> _Instructions to follow_: What is needed here is an exact reprint of every record below.

> _Data for this exercise_:

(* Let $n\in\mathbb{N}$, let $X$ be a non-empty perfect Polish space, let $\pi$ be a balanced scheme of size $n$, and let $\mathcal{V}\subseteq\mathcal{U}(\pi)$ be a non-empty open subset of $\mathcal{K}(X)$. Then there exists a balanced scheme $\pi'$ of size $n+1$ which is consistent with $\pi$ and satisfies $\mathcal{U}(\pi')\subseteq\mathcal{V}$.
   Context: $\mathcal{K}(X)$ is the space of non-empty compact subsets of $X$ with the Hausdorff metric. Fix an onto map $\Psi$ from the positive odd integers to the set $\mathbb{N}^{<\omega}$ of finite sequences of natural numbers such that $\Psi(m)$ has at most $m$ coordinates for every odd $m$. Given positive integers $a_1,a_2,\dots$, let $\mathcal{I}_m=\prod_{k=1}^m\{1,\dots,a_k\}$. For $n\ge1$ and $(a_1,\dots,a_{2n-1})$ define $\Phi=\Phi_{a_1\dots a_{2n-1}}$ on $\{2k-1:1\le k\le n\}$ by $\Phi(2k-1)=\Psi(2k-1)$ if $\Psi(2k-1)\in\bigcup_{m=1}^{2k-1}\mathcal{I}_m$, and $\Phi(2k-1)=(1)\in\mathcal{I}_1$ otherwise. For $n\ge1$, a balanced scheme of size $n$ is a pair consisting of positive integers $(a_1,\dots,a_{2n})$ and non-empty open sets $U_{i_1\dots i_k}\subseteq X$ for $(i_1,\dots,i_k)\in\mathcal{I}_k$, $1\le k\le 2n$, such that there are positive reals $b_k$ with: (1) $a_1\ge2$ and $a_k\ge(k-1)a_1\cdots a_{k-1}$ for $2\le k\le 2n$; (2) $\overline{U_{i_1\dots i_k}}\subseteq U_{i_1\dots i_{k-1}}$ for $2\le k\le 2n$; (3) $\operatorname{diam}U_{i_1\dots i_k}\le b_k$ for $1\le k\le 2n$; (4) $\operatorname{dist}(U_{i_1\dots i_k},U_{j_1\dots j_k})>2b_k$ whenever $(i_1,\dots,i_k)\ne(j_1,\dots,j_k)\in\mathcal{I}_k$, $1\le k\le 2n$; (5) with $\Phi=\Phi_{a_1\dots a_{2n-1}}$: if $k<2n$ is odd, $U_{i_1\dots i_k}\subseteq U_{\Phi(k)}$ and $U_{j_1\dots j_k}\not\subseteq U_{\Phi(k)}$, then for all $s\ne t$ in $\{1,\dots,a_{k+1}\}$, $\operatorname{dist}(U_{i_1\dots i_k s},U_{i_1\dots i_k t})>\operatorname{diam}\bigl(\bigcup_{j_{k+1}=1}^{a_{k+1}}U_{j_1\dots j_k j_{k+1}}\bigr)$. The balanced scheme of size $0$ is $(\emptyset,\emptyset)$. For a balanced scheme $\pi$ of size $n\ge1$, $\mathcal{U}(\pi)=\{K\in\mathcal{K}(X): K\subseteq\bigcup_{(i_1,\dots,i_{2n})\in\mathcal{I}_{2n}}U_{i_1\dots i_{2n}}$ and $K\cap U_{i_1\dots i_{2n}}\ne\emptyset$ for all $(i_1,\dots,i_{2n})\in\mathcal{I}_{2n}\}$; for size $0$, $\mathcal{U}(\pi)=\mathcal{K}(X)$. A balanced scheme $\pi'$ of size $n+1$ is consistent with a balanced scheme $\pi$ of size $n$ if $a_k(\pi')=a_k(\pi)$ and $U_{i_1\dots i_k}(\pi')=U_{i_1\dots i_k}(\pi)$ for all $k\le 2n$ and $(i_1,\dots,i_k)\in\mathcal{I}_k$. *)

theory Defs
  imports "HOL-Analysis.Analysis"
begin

> _Result below_:
(* Let $n\in\mathbb{N}$, let $X$ be a non-empty perfect Polish space, let $\pi$ be a balanced scheme of size $n$, and let $\mathcal{V}\subseteq\mathcal{U}(\pi)$ be a non-empty open subset of $\mathcal{K}(X)$. Then there exists a balanced scheme $\pi'$ of size $n+1$ which is consistent with $\pi$ and satisfies $\mathcal{U}(\pi')\subseteq\mathcal{V}$.
   Context: $\mathcal{K}(X)$ is the space of non-empty compact subsets of $X$ with the Hausdorff metric. Fix an onto map $\Psi$ from the positive odd integers to the set $\mathbb{N}^{<\omega}$ of finite sequences of natural numbers such that $\Psi(m)$ has at most $m$ coordinates for every odd $m$. Given positive integers $a_1,a_2,\dots$, let $\mathcal{I}_m=\prod_{k=1}^m\{1,\dots,a_k\}$. For $n\ge1$ and $(a_1,\dots,a_{2n-1})$ define $\Phi=\Phi_{a_1\dots a_{2n-1}}$ on $\{2k-1:1\le k\le n\}$ by $\Phi(2k-1)=\Psi(2k-1)$ if $\Psi(2k-1)\in\bigcup_{m=1}^{2k-1}\mathcal{I}_m$, and $\Phi(2k-1)=(1)\in\mathcal{I}_1$ otherwise. For $n\ge1$, a balanced scheme of size $n$ is a pair consisting of positive integers $(a_1,\dots,a_{2n})$ and non-empty open sets $U_{i_1\dots i_k}\subseteq X$ for $(i_1,\dots,i_k)\in\mathcal{I}_k$, $1\le k\le 2n$, such that there are positive reals $b_k$ with: (1) $a_1\ge2$ and $a_k\ge(k-1)a_1\cdots a_{k-1}$ for $2\le k\le 2n$; (2) $\overline{U_{i_1\dots i_k}}\subseteq U_{i_1\dots i_{k-1}}$ for $2\le k\le 2n$; (3) $\operatorname{diam}U_{i_1\dots i_k}\le b_k$ for $1\le k\le 2n$; (4) $\operatorname{dist}(U_{i_1\dots i_k},U_{j_1\dots j_k})>2b_k$ whenever $(i_1,\dots,i_k)\ne(j_1,\dots,j_k)\in\mathcal{I}_k$, $1\le k\le 2n$; (5) with $\Phi=\Phi_{a_1\dots a_{2n-1}}$: if $k<2n$ is odd, $U_{i_1\dots i_k}\subseteq U_{\Phi(k)}$ and $U_{j_1\dots j_k}\not\subseteq U_{\Phi(k)}$, then for all $s\ne t$ in $\{1,\dots,a_{k+1}\}$, $\operatorname{dist}(U_{i_1\dots i_k s},U_{i_1\dots i_k t})>\operatorname{diam}\bigl(\bigcup_{j_{k+1}=1}^{a_{k+1}}U_{j_1\dots j_k j_{k+1}}\bigr)$. The balanced scheme of size $0$ is $(\emptyset,\emptyset)$. For a balanced scheme $\pi$ of size $n\ge1$, $\mathcal{U}(\pi)=\{K\in\mathcal{K}(X): K\subseteq\bigcup_{(i_1,\dots,i_{2n})\in\mathcal{I}_{2n}}U_{i_1\dots i_{2n}}$ and $K\cap U_{i_1\dots i_{2n}}\ne\emptyset$ for all $(i_1,\dots,i_{2n})\in\mathcal{I}_{2n}\}$; for size $0$, $\mathcal{U}(\pi)=\mathcal{K}(X)$. A balanced scheme $\pi'$ of size $n+1$ is consistent with a balanced scheme $\pi$ of size $n$ if $a_k(\pi')=a_k(\pi)$ and $U_{i_1\dots i_k}(\pi')=U_{i_1\dots i_k}(\pi)$ for all $k\le 2n$ and $(i_1,\dots,i_k)\in\mathcal{I}_k$. *)

theory Defs
  imports "HOL-Analysis.Analysis"
begin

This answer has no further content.